4.1. Stanford Large-Scale 3D Indoor Spaces Data Set

The Stanford large-scale 3D indoor spaces (S3DIS) data set [33] is an RGB-D data set of six indoor areas. It features more than 215 million points that are collected over an area totalling more than 6000 m${}^2$. The areas are spread across three buildings, including educational facilities, offices, sanitary facilities, and hallways. The annotations are provided on the instance level and they distinguish six structural elements from seven furniture elements. This totals the 13 classes, including the building structures of ceiling, floor, wall, beam, column, window, and door, as well as the furniture elements of table, chair, sofa, bookcase, board, and clutter. The data set can be downloaded from http://buildingparser.stanford.edu/dataset.html.

4.2. Automotive Factory Data Set

This data set was collected using both the static Faro Focus3D X 130HDR laser scanner [34] and two DSLR cameras. In more detail, a Nikon D5500 [35] camera with an 8 mm fish-eye lens and a Sony Alpha 7R II [36] with a 25 mm fixed focal length lens were used. We generate a global point cloud comprising 13 tacts of car body assembly by the registration of several smaller point clouds collected at each scanner position. The final point cloud comprises more than one billion points before further pre-processing. The cleaning process is achieved using noise filters for coarse cleaning and fine tuning is done by hand. The resulting point set consists of 594,147,442 points. This accounts for a reduction of approximately 40% of the points after point cloud cleaning. Most of the removed points are noise points that are caused by reflections and the blur of moving objects, like people walking by the laser scanner. The data set is divided into nine different classes, namely car, hanger, floor, band, lineside, wall, column, ceiling, and clutter. The labelling is manually done by the authors. The class clutter is a placeholder for all of the objects that cannot be assigned to one of the other classes. All of the remaining classes are either building structures or objects that can only be moved with high efforts; thus, they are essentially immovable and have to be considered during the planning tasks. The resulting data set is highly imbalanced with respect to the class distribution. Figure 3a depicts the class distribution of this data set. Clearly, there is a notable excess of points that belong to the class ceiling and relatively few points belong to the classes of wall and column. This is mainly due to the layered architecture of the ceiling that results in points that belong to the structure on various heights. Because walls and columns are mostly draped with other objects, like tools, cables, fire extinguishers, posters, and information signs, there is only a small number of points that truly belong to the classes of wall and column. This is also the reason why especially these two classes suffer from a high degree of missing data, i.e., holes in the point cloud.

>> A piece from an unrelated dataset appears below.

(* Let $G^{c}$ be the graph obtained from the graph $G$ of the construction described in the context by additionally adding all edges $p_ip_{i'}$ for distinct $i,i'\in[t]$, and let $\ell=2|\mathcal{C}|+\frac{2n}{3}+1$. If $G^{c}$ has an acyclic matching of size at least $\ell$, then for some $q\in[t]$ the instance $(X,\mathcal{S}_q)$ of \textsc{Exact-3-Cover} is a Yes-instance.
   Context: Construction. Let $n=3c$ with $c\in\mathbb{N}$, $X=[n]$, and let $(X,\mathcal{S}_1),\dots,(X,\mathcal{S}_t)$ be instances of \textsc{Exact-3-Cover} (each $\mathcal{S}_i$ a collection of 3-element subsets of $X$, all $\mathcal{S}_i$ of the same size $m$ and pairwise distinct as collections). An instance $(X,\mathcal{S})$ is a Yes-instance if some subcollection of $\mathcal{S}$ covers every element of $X$ exactly once. Let $\mathcal{C}=\bigcup_{i\in[t]}\mathcal{S}_i=\{s_1,\dots,s_{|\mathcal{C}|}\}$ (distinct 3-sets). The graph $G$: a vertex set $X'=\{v_a:a\in X\}$; for each $s_j=\{a,b,c\}\in\mathcal{C}$ a set gadget $Q_j$ with vertices $u_{ja},u_{jb},u_{jc}$ (interface vertices), $u_j,w_j,u_j',w_j'$, where each of $u_j,w_j$ is adjacent to each of $u_{ja},u_{jb},u_{jc}$, and additionally $u_jw_j,u_ju_j',w_jw_j'$ are edges; for each $s_j\in\mathcal{C}$ and $d\in s_j$ the edge $u_{jd}v_d$; a vertex $p$ and vertices $P=\{p_1,\dots,p_t\}$ with edges $pp_i$ for all $i$; and for each $i\in[t]$ and each $s_j\in\mathcal{C}\setminus\mathcal{S}_i$, edges from $p_i$ to the three interface vertices of $Q_j$. There are no other edges. A matching $M$ is acyclic if the subgraph induced by the endpoints of its edges is a forest. *)

theory Defs
  imports Main
begin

Any segmentation system has to cope with this class imbalance due to this inhomogeneous class distribution. Figure 3b illustrates the point cloud of one tact of car body assembly.

5. Results and Analysis

The proposed networks are evaluated on our custom automotive factory data set as well as the scientific data set S3DIS. The segmentation performance is measured with respect to their accuracy and the mean intersection over union. Further, the described ways of uncertainty quantification are evaluated in terms of accuracy after disregarding uncertain predictions. All of the considered models are implemented using Python’s open source library PyTorch [37]. The input point clouds comprising rooms or assembly tacts are cut into blocks and the number of points within these blocks is sampled to 4096. These blocks serve as input for all networks. All of the models are trained using mini-batch stochastic gradient descent with a batch size of 16 on the S3DIS and the automotive factory data set for the frequentist and the proposed dropout and Bayesian networks. The momentum parameter is set to $0.9$ for all the models. A decaying learning rate $lr$ is used with an initial learning rate of $lr=0.001$ in the frequentist and the dropout model, as well as $lr=0.01$ in the Bayesian model. The learning rate is decayed every 10 epochs by a factor of $0.7$ during frequentist and dropout training, as well as $0.9$ during Bayesian training. The batch size and the learning rate are optimized by using grid search and cross-validation. In the approximate Bayesian neural network, dropout is applied before the last three convolutional layers and the dropout rate is set to $0.1$ for the automotive factory data set. In the case of the S3DIS data set, dropout is only applied before the last convolutional layer with a dropout rate of $0.1$. Because we do not have dedicated prior information for the Bayesian model, the prior indicates that the parameter values should not diverge. Thus, we choose a prior expectation of zero for all parameters and a standard deviation of 4 and 8 for all weights and biases, respectively. In terms of approximating the posterior predictive distribution, we draw $K=50$ Monte Carlos samples. All of the considered models converge and training is stopped after 100 epochs.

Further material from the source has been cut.